• _Records to use_
###
(* Let $R\colon\mathbb R^d\to\mathbb R$, $R(\mathbf x)=\sum_{i=1}^p\psi_i(\mathbf w_i^T\mathbf x)$ with $\mathbf w_i\in\mathbb R^d$ and convex $\psi_i\in C^{1,1}(\mathbb R)$, let $L=\mathrm{Lip}(\nabla R)$, $\lambda\ge0$, and $t\ge1$ an integer. For $\mathbf y\in\mathbb R^d$ define $\mathbf x_0=\mathbf y$ and $\mathbf x_{k+1}=\mathbf x_k-\alpha\bigl((\mathbf x_k-\mathbf y)+\lambda\nabla R(\mathbf x_k)\bigr)$, and let the $t$-step denoiser be the map $\mathbf y\mapsto\mathbf x_t$. If $\alpha\in[0,2/(2+\lambda L)]$, then the $t$-step denoiser is averaged.
   Context: A map $\mathbf D\colon\mathbb R^d\to\mathbb R^d$ is averaged if $\mathbf D=\beta\mathbf N+(1-\beta)\mathbf{Id}$ for some $\beta\in(0,1)$ and some nonexpansive (1-Lipschitz) map $\mathbf N\colon\mathbb R^d\to\mathbb R^d$. $C^{1,1}(\mathbb R)$ is the set of differentiable functions with Lipschitz-continuous derivative. *)

theory Defs
  imports "HOL-Analysis.Analysis"
begin

definition averaged :: "('a::real_normed_vector \<Rightarrow> 'a) \<Rightarrow> bool" where
  "averaged D \<longleftrightarrow> (\<exists>\<beta>::real. 0 < \<beta> \<and> \<beta> < 1 \<and>
     (\<exists>N. (\<forall>x y. norm (N x - N y) \<le> norm (x - y)) \<and>
          (\<forall>x. D x = \<beta> *\<^sub>R N x + (1 - \<beta>) *\<^sub>R x)))"

definition Lip :: "('a::metric_space \<Rightarrow> 'b::metric_space) \<Rightarrow> real" where
  "Lip f = Inf {C. C-lipschitz_on UNIV f}"

primrec denoise_iter ::
  "real \<Rightarrow> real \<Rightarrow> ('a::real_normed_vector \<Rightarrow> 'a) \<Rightarrow> nat \<Rightarrow> 'a \<Rightarrow> 'a" where
  "denoise_iter \<alpha> lam G 0 y = y"
| "denoise_iter \<alpha> lam G (Suc k) y =
     (let x = denoise_iter \<alpha> lam G k y in x - \<alpha> *\<^sub>R ((x - y) + lam *\<^sub>R G x))"

end

theory Submission
  imports Defs
begin

text \<open>
  The gradient of R is Lipschitz with constant L and, since R is convex, 1/L-cocoercive
  (Baillon--Haddad). One step of the iteration reads x' = S x + \<alpha> y with
  S = (1 - \<alpha>) Id - \<alpha> \<lambda> \<nabla>R, and cocoercivity makes S a (1 - \<alpha>)-contraction exactly when
  \<alpha> (2 + \<lambda> L) \<le> 2. By induction every map y \<mapsto> x_k is then nonexpansive, so
  y \<mapsto> x_t = S (x_(t-1) y) + \<alpha> y is a (1 - \<alpha>)-Lipschitz map plus \<alpha> Id, which is averaged
  with \<beta> = 1 - \<alpha>/2 (for \<alpha> = 0 the denoiser is the identity).
\<close>

lemma lipschitz_on_Lip:
  assumes "C-lipschitz_on UNIV f"
  shows "(Lip f)-lipschitz_on UNIV f"
proof (rule lipschitz_onI)
  let ?S = "{C. C-lipschitz_on UNIV f}"
  have ne: "?S \<noteq> {}" using assms by auto
  show "0 \<le> Lip f"
    unfolding Lip_def by (rule cInf_greatest[OF ne]) (auto simp: lipschitz_on_def)
  fix x y
  show "dist (f x) (f y) \<le> Lip f * dist x y"
  proof (cases "x = y")
    case False
    then have d: "dist x y > 0" by simp
    have "dist (f x) (f y) / dist x y \<le> Lip f"
      unfolding Lip_def
    proof (rule cInf_greatest[OF ne])
      fix C assume "C \<in> ?S"
      then show "dist (f x) (f y) / dist x y \<le> C"
        using d by (auto simp: lipschitz_on_def divide_le_eq)
    qed
    then show ?thesis using d by (simp add: divide_le_eq mult.commute)
  qed simp
qed

lemma gradient_unique:
  fixes f :: "'a::real_inner \<Rightarrow> real"
  assumes "(f has_derivative (\<lambda>h. g \<bullet> h)) (at x)" and "(f has_derivative (\<lambda>h. g' \<bullet> h)) (at x)"
  shows "g = g'"
proof -
  have "g \<bullet> h = g' \<bullet> h" for h
    using has_derivative_unique[OF assms] by metis
  then show ?thesis by (metis vector_eq_rdot)
qed

lemma descent_lemma:
  fixes f :: "'a::real_inner \<Rightarrow> real"
  assumes der: "\<And>x. (f has_derivative (\<lambda>h. g x \<bullet> h)) (at x)"
    and lip: "L-lipschitz_on UNIV g"
  shows "f v \<le> f u + g u \<bullet> (v - u) + L / 2 * (norm (v - u))\<^sup>2"
proof -
  define d where "d = v - u"
  define k where "k s = f (u + s *\<^sub>R d) - s * (g u \<bullet> d) - L / 2 * s\<^sup>2 * (norm d)\<^sup>2" for s
  have dk: "(k has_real_derivative (g (u + s *\<^sub>R d) - g u) \<bullet> d - L * s * (norm d)\<^sup>2) (at s)" for s
  proof -
    have "((\<lambda>s. u + s *\<^sub>R d) has_derivative (\<lambda>h. h *\<^sub>R d)) (at s)"
      by (auto intro!: derivative_eq_intros)
    from has_derivative_compose[OF this der]
    have "((\<lambda>s. f (u + s *\<^sub>R d)) has_real_derivative g (u + s *\<^sub>R d) \<bullet> d) (at s)"
      unfolding has_field_derivative_def by (rule has_derivative_eq_rhs) (auto simp: mult.commute)
    then show ?thesis
      unfolding k_def by (auto intro!: derivative_eq_intros simp: inner_diff_left)
  qed
  have "(g (u + s *\<^sub>R d) - g u) \<bullet> d \<le> L * s * (norm d)\<^sup>2" if "0 \<le> s" for s
  proof -
    have "(g (u + s *\<^sub>R d) - g u) \<bullet> d \<le> norm (g (u + s *\<^sub>R d) - g u) * norm d"
      by (rule norm_cauchy_schwarz)
    also have "\<dots> \<le> (L * norm (s *\<^sub>R d)) * norm d"
      using lipschitz_on_normD[OF lip, of "u + s *\<^sub>R d" u] by (intro mult_right_mono) auto
    finally show ?thesis using that by (simp add: power2_eq_square mult.assoc)
  qed
  then have "k 1 \<le> k 0"
    using dk by (intro DERIV_nonpos_imp_nonincreasing[of 0 1 k]) force+
  then show ?thesis by (simp add: k_def d_def)
qed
###
• _Task objective_
Determine how many lines of this listing contain "nonexpansive", and give only the number.

• _Your solution_
2